Accelerometer and Vibration on the iPhone

Last friday I attended an excellent session at Øredev 2008, on Android by Mike Jennings from Google. At the end of the presentation Mike show the code for a simple application with a bouncing blue ball, controlled by the accelerometer. What stroke me was that the git of the application was 85 lines of code, and Mike told us most of the physics and life cycle code was hidden away. I have never used the accelerometer on the iPhone, but my gut told me that 85 lines was allot of code.

So I took out my laptop during the next 60 minutes of Panel Debate, and wrote an iPhone app, and as I expected the code landed on 46 lines of code for the actual application logic, physics, grits and all. Or 112 lines of code if headers and boiler-plate should be counted as well.

This blog post will describe what I did, in a quite nice model-view-controller fashion (Model and Controller is implemented in the same class).

  • First of all I needed a view to display my bouncing ball on, I choose to subclass UIViewController to handle this view.
  • A standard UIView instance with a UIImageView sub-view for the ball is all I need for my view, this I setup using Interface Builder.
  • And the model/logic is handled by one CGPoint for the current location, and one CGPoint with the current delta movement of the ball.

First the custom view controller sets up itself as the accelerometer delegate when awakening from it’s nib-file.

-(void)awakeFromNib;
{
  self.location = CGPointMake(160, 230);
  UIAccelerometer* accelerometer = [UIAccelerometer sharedAccelerometer];
  accelerometer.updateInterval = 0.02;
  accelerometer.delegate = self;
}

Then comes a private function for the quite faked physics, it is responsible for detecting if a value with a given delta movement has hit a min or max edge. If it do hits an edge, it flips it’s delta movement with some deceleration, and corrects it’s value.

static inline BOOL bounce(float* val, float* delta, float min, float max) {
#define FLIP(val, c) (c - (val - c))
  if (*val < min || *val > max) {
    *delta = -(*delta * 0.75);
    float loc = *val < min ? min : max;
    *val = FLIP(*val, loc);
    return YES;
  }
  return NO;
}

And lastly the delegate method that is called by the accelerometer. Here we update the delta movement, and use the bounce-function to detect and compensate location+delta when the ball hits any edges. If an edge it hit, a vibration is also triggered.

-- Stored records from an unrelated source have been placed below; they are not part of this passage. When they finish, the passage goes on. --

lemma mem_subgroup_if_basis:
  assumes H: "subgroup H G" "Z \<subseteq> H" "\<And>i. i < n \<Longrightarrow> x i \<in> H" "\<And>i. i < n \<Longrightarrow> y i \<in> H"
    and g: "g \<in> carrier G"
  shows "g \<in> H"
proof -
  note H_carrier = subgroup.mem_carrier[OF H(1)]
  define S where "S = (\<lambda>h. Z #> h) ` H"
  define F where "F = (\<lambda>(a, b). finprod (Vsp G)
    (\<lambda>i. smult_V G (a i) (Z #> x i) \<otimes>\<^bsub>Vsp G\<^esub> smult_V G (b i) (Z #> y i)) {..<n})"
  obtain ab where ab: "Z #> g = F ab"
    using rcos_in_Vsp[OF g] bij_betw_imp_surj_on[OF basis_bij[folded F_def]] by (metis imageE)
  have "F ab \<in> S"
  proof (cases ab)
    case (Pair a b)
    have "smult_V G (a i) (Z #> x i) \<otimes>\<^bsub>Vsp G\<^esub> smult_V G (b i) (Z #> y i)
        = Z #> (x i [^] a i \<otimes> y i [^] b i)" if "i < n" for i
      using that x_closed y_closed by (simp add: smult_V_rcos)
    moreover have "x i [^] a i \<otimes> y i [^] b i \<in> H" if "i < n" for i
      using that H by (simp add: subgroup.m_closed subgroup_nat_pow_closed)
    ultimately have "(\<lambda>i. smult_V G (a i) (Z #> x i) \<otimes>\<^bsub>Vsp G\<^esub> smult_V G (b i) (Z #> y i))
        \<in> {..<n} \<rightarrow> S"
      unfolding S_def by auto
    moreover have "comm_monoid (Vsp G)"
      using comm_group_Vsp comm_group_def by blast
    ultimately show ?thesis
      unfolding Pair F_def split
      using comm_monoid.finprod_in_submonoid submonoid_rcos_image[OF H(1), folded S_def] by blast
  qed
  then obtain h where h: "h \<in> H" "Z #> g = Z #> h"
    unfolding ab[symmetric] S_def by blast
  then obtain c where "c \<in> Z" "g = c \<otimes> h"
    using g H_carrier rcos_grp_center_eq_iff by blast
  then show ?thesis using H(2) h(1) subgroup.m_closed[OF H(1)] by blast
qed

lemma grp_center_if_comm_basis:
  assumes g: "g \<in> carrier G"
    and "\<And>i. i < n \<Longrightarrow> comm g (x i) = \<one>" "\<And>i. i < n \<Longrightarrow> comm g (y i) = \<one>"
  shows "g \<in> Z"
proof -
  define H where "H = {h \<in> carrier G. comm g h = \<one>}"
  have sub: "subgroup H G"
  proof (rule subgroupI)
    show "H \<subseteq> carrier G" "H \<noteq> {}" using g by (auto simp: H_def intro!: exI[of _ \<one>])
    show "inv a \<in> H" if "a \<in> H" for a
      using that g by (simp add: H_def comm_inv_right)
    show "a \<otimes> b \<in> H" if "a \<in> H" "b \<in> H" for a b
      using that g by (simp add: H_def comm_mult_right)
  qed
  have ZH: "Z \<subseteq> H"
    using g comm_center_right grp_center_closed by (auto simp: H_def)
  have "carrier G \<subseteq> H"
  proof
    fix h assume h: "h \<in> carrier G"
    show "h \<in> H"
      by (rule mem_subgroup_if_basis[OF sub ZH _ _ h]) (auto simp: H_def assms x_closed y_closed)
  qed
  then have "g \<otimes> h = h \<otimes> g" if "h \<in> carrier G" for h
    using that g mult_eq_comm_mult[OF g that] by (auto simp: H_def)
  then show ?thesis using g by (simp add: grp_center_def)
qed

text \<open>The \<open>p\<close>-th power map is the form \<open>B(-, w\<^sub>1)\<close>: both sides are homomorphisms
  \<open>G \<rightarrow> Z\<close> agreeing on the basis.\<close>

lemma pow_p_eq_comm_y0:
  assumes "g \<in> carrier G"
  shows "g [^] p = comm g (y 0)"
proof -
  define E where "E = {g \<in> carrier G. g [^] p = comm g (y 0)}"
  have "subgroup E G"
  proof (rule subgroupI)
    show "E \<subseteq> carrier G" "E \<noteq> {}" by (auto simp: E_def intro!: exI[of _ \<one>])
    show "inv a \<in> E" if "a \<in> E" for a
      using that by (simp add: E_def nat_pow_inv comm_inv_left)
    show "a \<otimes> b \<in> E" if "a \<in> E" "b \<in> E" for a b
      using that odd_p
      by (simp add: E_def nat_pow_mult_distrib_odd grp_center_pow_p grp_comm_in_center comm_mult_left)
  qed
  moreover have "Z \<subseteq> E"
    using grp_center_pow_p comm_center_left grp_center_closed by (auto simp: E_def)
  moreover have "x i \<in> E" if "i < n" for i
    using that x_closed[OF that] basis_n_pos
    by (cases "i = 0") (auto simp: E_def x0_pow_p comm_x_y_same x_pow_p comm_x_y)
  moreover have "y i \<in> E" if "i < n" for i
    using that y_closed[OF that] basis_n_pos
    by (cases "i = 0") (auto simp: E_def y_pow_p comm_y_y)
  ultimately show ?thesis
    using mem_subgroup_if_basis assms unfolding E_def by blast
qed

lemma pow_p_in_center: "g \<in> carrier G \<Longrightarrow> g [^] p \<in> Z"
  by (simp add: pow_p_eq_comm_y0 grp_comm_in_center)

lemma Tmap_rcos:
  assumes g: "g \<in> carrier G"
  shows "Tmap p G (Z #> g) = g [^] p"
proof -
  have "(SOME g'. g' \<in> Z #> g) \<in> Z #> g"
    using rcos_self[OF g grp_center_subgroup] by (rule someI)
  then obtain c where c: "c \<in> Z" "(SOME g'. g' \<in> Z #> g) = c \<otimes> g"
    by (auto simp: r_coset_def)
  have "(c \<otimes> g) [^] p = c [^] p \<otimes> g [^] p"
    by (rule pow_mult_distrib) (use c g grp_center_closed grp_center_commute in auto)
  then show ?thesis
    using c g grp_center_pow_p grp_center_closed by (simp add: Tmap_def)
qed

lemma AutZ_pow_p:
  assumes "\<phi> \<in> AutZ G" "g \<in> carrier G"
  shows "\<phi> g [^] p = g [^] p"
  using AutZ_nat_pow[OF assms, of p] AutZ_fix[OF assms(1) pow_p_in_center[OF assms(2)]] by simp

lemma Tmap_f_map: "\<phi> \<in> AutZ G \<Longrightarrow> g \<in> carrier G \<Longrightarrow> Tmap p G (f_map \<phi> (Z #> g)) = Tmap p G (Z #> g)"
  by (simp add: f_map_rcos Tmap_rcos AutZ_closed AutZ_pow_p)

text \<open>Automorphisms preserve both the commutator form and the \<open>p\<close>-th power map, hence fix
  \<open>w\<^sub>1\<close>, which represents the latter; nondegeneracy makes this representative unique.\<close>

lemma AutZ_fixes_rcos_y0:
  assumes \<phi>: "\<phi> \<in> AutZ G"
  shows "Z #> \<phi> (y 0) = Z #> y 0"
proof -
  have \<phi>y: "\<phi> (y 0) \<in> carrier G" using AutZ_closed[OF \<phi>] by simp
  define d where "d = \<phi> (y 0) \<otimes> inv (y 0)"
  have d: "d \<in> carrier G" using \<phi>y by (simp add: d_def)
  have "comm h d = \<one>" if h: "h \<in> carrier G" for h
  proof -
    obtain k where k: "k \<in> carrier G" "h = \<phi> k"
      using h AutZ_surj[OF \<phi>] by blast
    have "comm h (\<phi> (y 0)) = \<phi> (k [^] p)"
      using k by (simp add: AutZ_grp_comm[OF \<phi>] pow_p_eq_comm_y0)
    also have "\<dots> = \<phi> k [^] p"
      using k \<phi> by (simp add: AutZ_fix pow_p_in_center AutZ_pow_p)
    also have "\<dots> = comm h (y 0)"
      using k \<phi> by (simp add: pow_p_eq_comm_y0 AutZ_closed)
    finally show ?thesis
      using h \<phi>y by (simp add: d_def comm_mult_right comm_inv_right)
  qed
  then have "comm d h = \<one>" if "h \<in> carrier G" for h
    using that d comm_swap[of h d] by simp
  then have "d \<in> Z"
    using d by (intro grp_center_if_comm_basis) (auto simp: x_closed y_closed)
  then show ?thesis using rcos_grp_center_eq_iff_mult_inv[OF \<phi>y] d_def by simp
qed

lemma f_map_smult_y0:
  assumes "\<phi> \<in> AutZ G"
  shows "f_map \<phi> (smult_V G k (Z #> y 0)) = smult_V G k (Z #> y 0)"
proof -
  have "f_map \<phi> (smult_V G k (Z #> y 0)) = smult_V G k (Z #> \<phi> (y 0))"
    using assms by (simp add: smult_V_rcos f_map_rcos AutZ_nat_pow AutZ_closed)
  then show ?thesis
    by (simp add: AutZ_fixes_rcos_y0[OF assms])
qed

subsection \<open>Transvections\<close>

definition half :: int where
  "half = int ((p + 1) div 2)"

lemma two_half: "2 * half = int p + 1"
  using odd_p by (simp add: half_def) (metis odd_two_times_div_two_succ of_nat_add of_nat_mult of_nat_numeral of_nat_1 add.commute)

definition comm_log :: "'a \<Rightarrow> 'a \<Rightarrow> int" where
  "comm_log u g = int (z_log (comm g u))"

lemma z_pow_comm_log: "g \<in> carrier G \<Longrightarrow> u \<in> carrier G \<Longrightarrow> z [^] comm_log u g = comm g u"
  using z_log[OF grp_comm_in_center] by (simp add: comm_log_def int_pow_int)

lemma z_log_one: "z_log \<one> = 0"
  using z_log[OF subgroup.one_closed[OF grp_center_subgroup]] z_pow_eq_one_iff by blast

lemma comm_log_center: "c \<in> Z \<Longrightarrow> u \<in> carrier G \<Longrightarrow> comm_log u c = 0"
  by (simp add: comm_log_def comm_center_left z_log_one)

lemma comm_log_mult:
  assumes "g \<in> carrier G" "h \<in> carrier G" "u \<in> carrier G"
  obtains k where "comm_log u (g \<otimes> h) = comm_log u g + comm_log u h + int p * k"
proof -
  have "z [^] comm_log u (g \<otimes> h) = z [^] (comm_log u g + comm_log u h)"
    using assms by (simp add: z_pow_comm_log comm_mult_left int_pow_mult)
  then have "int p dvd comm_log u (g \<otimes> h) - (comm_log u g + comm_log u h)"
    unfolding z_int_pow_eq_iff by (simp add: dvd_diff_commute)
  then show thesis using that by (metis add_diff_cancel_left' diff_add_cancel dvdE add.commute)
qed

text \<open>The lift to \<open>G\<close> of the transvection \<open>v \<mapsto> v + c B(v, u) u\<close> of \<open>V\<close>, where \<open>u\<^sup>p = 1\<close>. The
  central correction \<open>z\<^bsup>-c m\<^sup>2/2\<^esup>\<close> (with \<open>1/2 = half\<close> modulo \<open>p\<close>) is what makes it multiplicative.\<close>

definition transvection :: "'a \<Rightarrow> int \<Rightarrow> 'a \<Rightarrow> 'a" where
  "transvection u c g = g \<otimes> u [^] (c * comm_log u g) \<otimes> z [^] (- (c * (comm_log u g)^2 * half))"

lemma transvection_closed: "u \<in> carrier G \<Longrightarrow> g \<in> carrier G \<Longrightarrow> transvection u c g \<in> carrier G"
  by (simp add: transvection_def)

lemma mult_rearrange_center:
  assumes "g \<in> carrier G" "h \<in> carrier G" "a \<in> carrier G" "b \<in> carrier G"
    and "k \<in> Z" "c \<in> Z" "d \<in> Z" and "a \<otimes> h = k \<otimes> (h \<otimes> a)"
  shows "(g \<otimes> a \<otimes> c) \<otimes> (h \<otimes> b \<otimes> d) = (g \<otimes> h) \<otimes> (a \<otimes> b) \<otimes> (k \<otimes> c \<otimes> d)"
proof -
  have Zc: "k \<in> carrier G" "c \<in> carrier G" "d \<in> carrier G"
    using assms(5-7) grp_center_closed by auto
  have "(g \<otimes> a \<otimes> c) \<otimes> (h \<otimes> b \<otimes> d) = g \<otimes> ((a \<otimes> h) \<otimes> (b \<otimes> (d \<otimes> c)))"
    using assms(1-4) Zc grp_center_commute[OF assms(6), of "h \<otimes> (b \<otimes> d)"] by (simp add: m_assoc)
  also have "\<dots> = k \<otimes> (g \<otimes> (h \<otimes> (a \<otimes> (b \<otimes> (d \<otimes> c)))))"
    unfolding assms(8) using assms(1-4) Zc
    by (simp add: m_assoc grp_center_left_commute[OF assms(5), of g])
  also have "\<dots> = g \<otimes> (h \<otimes> (a \<otimes> (b \<otimes> (d \<otimes> c \<otimes> k))))"
    using assms(1-4) Zc grp_center_commute[OF assms(5), of "g \<otimes> (h \<otimes> (a \<otimes> (b \<otimes> (d \<otimes> c))))"]
    by (simp add: m_assoc)
  also have "d \<otimes> c \<otimes> k = k \<otimes> c \<otimes> d"
    using Zc grp_center_commute[OF assms(5), of "c \<otimes> d"] grp_center_commute[OF assms(6), of d]
    by (simp add: m_assoc)
  finally show ?thesis
    using assms(1-4) Zc by (simp add: m_assoc)
qed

-(void)accelerometer:(UIAccelerometer*)accelerometer
       didAccelerate:(UIAcceleration*)acceleration;
{
#define CAP(val, max) (val < -max ? -max : (val > max ? max : val))
  CGPoint delta = CGPointMake(CAP(self.delta.x + acceleration.x, 32),
                              CAP(self.delta.y - acceleration.y, 32));
  CGPoint location = CGPointMake(self.location.x + delta.x,
                                 self.location.y + delta.y);
  if (bounce(&location.x, &delta.x, 8, self.view.bounds.size.width - 8 ) ||
      bounce(&location.y, &delta.y, 8, self.view.bounds.size.height - 8))
  {
      AudioServicesPlayAlertSound(kSystemSoundID_Vibrate);
  }
  self.delta = delta;
  self.location = location;
  self.ballView.center = self.location;
}

In conclusion Cocoa Touch requires surprisingly little code for accessing and using the accelerometer and trigger a vibration. Triggering a vibration is literary done with a single line of code. The lines of code needed to setup and listen to the accelerometer can literary be counted on the fingers of one hand.

On the downside there is no finer control of the vibration, and if you like to have the rotation angles of the device instead of simple gravity forces of the x, y and z axis, then you must do the math for yourself. Simple enough, but it would had been nice to have to current rotations around each axis as well.

The full source code can be downloaded here.

ps. I dare Mike Jennings to best this :). ds.

This Post Has 5 Comments

  1. guyal

    Very helpful, thx

  2. john mabassa

    Cool stuff!! Please add more tutorials :)

  3. Will Culpepper

    Please pardon my OCD but I noticed a typo at the end of your first paragraph. “allot” instead of “a lot”. Feel free to delete this comment.